TASK GOAL :: Exactly as written, copy the lines that run from the start of the data below to the line containing "define s :: real", both ends included.
═════ DATA FOR REVIEW
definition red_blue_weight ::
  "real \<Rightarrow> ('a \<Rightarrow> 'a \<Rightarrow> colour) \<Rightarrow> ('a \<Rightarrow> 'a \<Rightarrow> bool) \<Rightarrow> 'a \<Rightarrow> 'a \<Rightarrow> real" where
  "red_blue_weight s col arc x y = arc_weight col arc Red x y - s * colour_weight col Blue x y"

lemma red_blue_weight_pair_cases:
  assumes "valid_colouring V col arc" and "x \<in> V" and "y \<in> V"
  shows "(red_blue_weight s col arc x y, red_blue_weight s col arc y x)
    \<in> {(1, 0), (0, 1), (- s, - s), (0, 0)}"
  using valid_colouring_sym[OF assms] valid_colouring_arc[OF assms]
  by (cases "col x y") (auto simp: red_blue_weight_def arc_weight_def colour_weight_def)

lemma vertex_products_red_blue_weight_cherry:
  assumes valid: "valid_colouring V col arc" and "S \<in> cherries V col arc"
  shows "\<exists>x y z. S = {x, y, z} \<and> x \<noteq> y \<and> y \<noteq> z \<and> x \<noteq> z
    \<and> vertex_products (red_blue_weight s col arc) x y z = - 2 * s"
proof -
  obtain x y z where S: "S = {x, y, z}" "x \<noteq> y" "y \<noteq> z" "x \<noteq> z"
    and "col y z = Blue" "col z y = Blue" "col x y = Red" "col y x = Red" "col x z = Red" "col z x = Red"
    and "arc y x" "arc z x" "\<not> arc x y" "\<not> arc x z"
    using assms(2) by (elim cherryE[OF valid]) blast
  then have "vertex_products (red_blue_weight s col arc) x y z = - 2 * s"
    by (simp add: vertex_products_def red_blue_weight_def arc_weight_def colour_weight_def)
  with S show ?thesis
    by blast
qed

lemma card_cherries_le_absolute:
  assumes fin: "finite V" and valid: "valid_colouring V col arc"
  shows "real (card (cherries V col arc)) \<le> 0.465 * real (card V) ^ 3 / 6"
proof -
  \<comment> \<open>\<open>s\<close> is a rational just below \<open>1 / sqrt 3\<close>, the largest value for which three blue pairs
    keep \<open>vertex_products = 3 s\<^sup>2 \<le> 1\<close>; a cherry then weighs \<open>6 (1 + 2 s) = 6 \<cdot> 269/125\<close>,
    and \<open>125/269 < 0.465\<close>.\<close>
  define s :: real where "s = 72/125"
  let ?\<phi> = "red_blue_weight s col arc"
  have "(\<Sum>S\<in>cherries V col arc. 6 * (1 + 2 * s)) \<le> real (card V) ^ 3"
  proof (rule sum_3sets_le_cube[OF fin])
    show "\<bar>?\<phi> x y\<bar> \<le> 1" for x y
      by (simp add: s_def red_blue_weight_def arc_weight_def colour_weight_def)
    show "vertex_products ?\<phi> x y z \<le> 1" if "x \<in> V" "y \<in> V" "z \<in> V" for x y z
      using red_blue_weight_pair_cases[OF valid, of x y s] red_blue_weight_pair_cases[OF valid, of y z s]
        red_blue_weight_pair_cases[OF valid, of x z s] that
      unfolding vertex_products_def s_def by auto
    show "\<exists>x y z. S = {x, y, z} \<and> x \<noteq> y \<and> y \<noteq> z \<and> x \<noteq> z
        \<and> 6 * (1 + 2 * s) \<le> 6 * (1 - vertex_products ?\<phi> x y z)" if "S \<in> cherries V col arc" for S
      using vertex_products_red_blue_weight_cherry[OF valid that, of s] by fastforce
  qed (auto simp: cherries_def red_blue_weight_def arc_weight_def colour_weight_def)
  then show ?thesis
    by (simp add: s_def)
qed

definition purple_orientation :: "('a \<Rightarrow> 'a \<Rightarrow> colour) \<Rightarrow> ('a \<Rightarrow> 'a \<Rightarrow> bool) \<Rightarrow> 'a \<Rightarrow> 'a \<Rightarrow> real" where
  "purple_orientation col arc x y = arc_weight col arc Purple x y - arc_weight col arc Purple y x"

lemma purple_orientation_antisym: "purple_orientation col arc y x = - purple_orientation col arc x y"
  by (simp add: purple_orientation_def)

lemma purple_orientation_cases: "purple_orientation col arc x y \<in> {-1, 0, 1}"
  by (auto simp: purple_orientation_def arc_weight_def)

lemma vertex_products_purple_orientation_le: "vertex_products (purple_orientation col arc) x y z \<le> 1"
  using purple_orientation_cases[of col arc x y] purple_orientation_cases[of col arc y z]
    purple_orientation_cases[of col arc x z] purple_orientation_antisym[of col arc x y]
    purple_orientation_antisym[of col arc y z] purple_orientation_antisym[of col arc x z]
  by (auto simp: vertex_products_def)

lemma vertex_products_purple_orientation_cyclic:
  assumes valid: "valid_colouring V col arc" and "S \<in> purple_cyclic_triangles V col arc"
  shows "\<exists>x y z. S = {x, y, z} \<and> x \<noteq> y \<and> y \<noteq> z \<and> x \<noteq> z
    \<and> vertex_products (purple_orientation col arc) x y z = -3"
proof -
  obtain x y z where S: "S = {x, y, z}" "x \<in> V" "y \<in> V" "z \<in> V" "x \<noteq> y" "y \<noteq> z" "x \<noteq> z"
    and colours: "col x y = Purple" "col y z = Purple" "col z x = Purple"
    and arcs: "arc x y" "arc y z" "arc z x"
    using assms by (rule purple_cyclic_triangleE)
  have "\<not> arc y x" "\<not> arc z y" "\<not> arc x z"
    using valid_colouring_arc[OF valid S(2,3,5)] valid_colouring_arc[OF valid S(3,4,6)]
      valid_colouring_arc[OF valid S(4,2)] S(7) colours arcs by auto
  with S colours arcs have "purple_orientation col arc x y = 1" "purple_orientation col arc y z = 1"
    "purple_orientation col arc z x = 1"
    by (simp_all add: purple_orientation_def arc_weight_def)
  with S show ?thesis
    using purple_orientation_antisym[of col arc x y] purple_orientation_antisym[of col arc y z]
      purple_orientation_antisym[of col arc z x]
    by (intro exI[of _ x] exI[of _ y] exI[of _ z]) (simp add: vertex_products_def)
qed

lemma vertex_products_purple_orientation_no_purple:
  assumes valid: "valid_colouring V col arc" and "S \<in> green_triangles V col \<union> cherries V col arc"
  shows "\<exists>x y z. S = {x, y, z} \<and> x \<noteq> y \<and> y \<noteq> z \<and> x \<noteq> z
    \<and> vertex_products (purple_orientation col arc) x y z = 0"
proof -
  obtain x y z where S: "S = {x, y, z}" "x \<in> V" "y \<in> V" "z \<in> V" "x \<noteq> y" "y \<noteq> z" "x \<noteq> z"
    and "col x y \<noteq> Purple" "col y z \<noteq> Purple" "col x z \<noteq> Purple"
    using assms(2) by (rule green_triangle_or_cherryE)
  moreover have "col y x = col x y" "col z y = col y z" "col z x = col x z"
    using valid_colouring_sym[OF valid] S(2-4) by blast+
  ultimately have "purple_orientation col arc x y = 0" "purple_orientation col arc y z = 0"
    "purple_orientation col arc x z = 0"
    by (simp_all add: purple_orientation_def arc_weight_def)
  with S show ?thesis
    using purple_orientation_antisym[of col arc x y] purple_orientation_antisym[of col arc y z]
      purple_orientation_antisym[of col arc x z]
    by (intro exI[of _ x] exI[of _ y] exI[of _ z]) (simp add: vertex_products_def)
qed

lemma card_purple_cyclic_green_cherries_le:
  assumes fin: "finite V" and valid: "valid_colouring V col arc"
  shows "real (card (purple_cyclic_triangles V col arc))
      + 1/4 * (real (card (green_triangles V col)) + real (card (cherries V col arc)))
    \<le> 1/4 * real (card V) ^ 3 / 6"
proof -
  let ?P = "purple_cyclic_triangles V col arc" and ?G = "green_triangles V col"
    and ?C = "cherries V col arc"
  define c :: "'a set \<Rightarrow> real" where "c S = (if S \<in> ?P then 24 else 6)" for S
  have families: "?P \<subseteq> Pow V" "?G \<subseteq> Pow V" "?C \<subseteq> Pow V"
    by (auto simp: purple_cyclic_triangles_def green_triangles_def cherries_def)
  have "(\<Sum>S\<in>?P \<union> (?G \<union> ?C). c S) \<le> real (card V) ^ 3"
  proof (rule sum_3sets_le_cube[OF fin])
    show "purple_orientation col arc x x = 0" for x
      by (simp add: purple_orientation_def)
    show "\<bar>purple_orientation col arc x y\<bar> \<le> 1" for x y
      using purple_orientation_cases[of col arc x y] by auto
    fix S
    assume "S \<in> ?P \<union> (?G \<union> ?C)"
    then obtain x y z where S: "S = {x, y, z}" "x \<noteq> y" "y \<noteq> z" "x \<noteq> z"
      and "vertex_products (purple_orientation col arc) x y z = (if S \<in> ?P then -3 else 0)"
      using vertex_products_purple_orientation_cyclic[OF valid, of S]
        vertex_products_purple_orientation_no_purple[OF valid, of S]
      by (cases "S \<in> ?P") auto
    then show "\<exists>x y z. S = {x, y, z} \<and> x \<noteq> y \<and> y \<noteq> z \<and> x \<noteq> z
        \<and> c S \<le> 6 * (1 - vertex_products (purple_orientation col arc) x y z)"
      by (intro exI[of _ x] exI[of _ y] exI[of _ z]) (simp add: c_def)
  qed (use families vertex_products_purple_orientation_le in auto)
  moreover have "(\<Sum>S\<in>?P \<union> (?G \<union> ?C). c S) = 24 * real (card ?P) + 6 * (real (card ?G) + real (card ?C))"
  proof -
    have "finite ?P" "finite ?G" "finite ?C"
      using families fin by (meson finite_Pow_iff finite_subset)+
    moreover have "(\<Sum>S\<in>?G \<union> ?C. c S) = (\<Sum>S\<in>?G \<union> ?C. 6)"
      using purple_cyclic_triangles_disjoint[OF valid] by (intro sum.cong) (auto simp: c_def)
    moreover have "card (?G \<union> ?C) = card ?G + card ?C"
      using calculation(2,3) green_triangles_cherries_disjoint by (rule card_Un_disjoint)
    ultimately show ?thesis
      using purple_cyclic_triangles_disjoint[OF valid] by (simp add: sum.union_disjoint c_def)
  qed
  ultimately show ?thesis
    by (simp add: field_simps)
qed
══════════
YOUR SOLUTION ::
definition red_blue_weight ::
  "real \<Rightarrow> ('a \<Rightarrow> 'a \<Rightarrow> colour) \<Rightarrow> ('a \<Rightarrow> 'a \<Rightarrow> bool) \<Rightarrow> 'a \<Rightarrow> 'a \<Rightarrow> real" where
  "red_blue_weight s col arc x y = arc_weight col arc Red x y - s * colour_weight col Blue x y"

lemma red_blue_weight_pair_cases:
  assumes "valid_colouring V col arc" and "x \<in> V" and "y \<in> V"
  shows "(red_blue_weight s col arc x y, red_blue_weight s col arc y x)
    \<in> {(1, 0), (0, 1), (- s, - s), (0, 0)}"
  using valid_colouring_sym[OF assms] valid_colouring_arc[OF assms]
  by (cases "col x y") (auto simp: red_blue_weight_def arc_weight_def colour_weight_def)

lemma vertex_products_red_blue_weight_cherry:
  assumes valid: "valid_colouring V col arc" and "S \<in> cherries V col arc"
  shows "\<exists>x y z. S = {x, y, z} \<and> x \<noteq> y \<and> y \<noteq> z \<and> x \<noteq> z
    \<and> vertex_products (red_blue_weight s col arc) x y z = - 2 * s"
proof -
  obtain x y z where S: "S = {x, y, z}" "x \<noteq> y" "y \<noteq> z" "x \<noteq> z"
    and "col y z = Blue" "col z y = Blue" "col x y = Red" "col y x = Red" "col x z = Red" "col z x = Red"
    and "arc y x" "arc z x" "\<not> arc x y" "\<not> arc x z"
    using assms(2) by (elim cherryE[OF valid]) blast
  then have "vertex_products (red_blue_weight s col arc) x y z = - 2 * s"
    by (simp add: vertex_products_def red_blue_weight_def arc_weight_def colour_weight_def)
  with S show ?thesis
    by blast
qed

lemma card_cherries_le_absolute:
  assumes fin: "finite V" and valid: "valid_colouring V col arc"
  shows "real (card (cherries V col arc)) \<le> 0.465 * real (card V) ^ 3 / 6"
proof -
  \<comment> \<open>\<open>s\<close> is a rational just below \<open>1 / sqrt 3\<close>, the largest value for which three blue pairs
    keep \<open>vertex_products = 3 s\<^sup>2 \<le> 1\<close>; a cherry then weighs \<open>6 (1 + 2 s) = 6 \<cdot> 269/125\<close>,
    and \<open>125/269 < 0.465\<close>.\<close>
  define s :: real where "s = 72/125"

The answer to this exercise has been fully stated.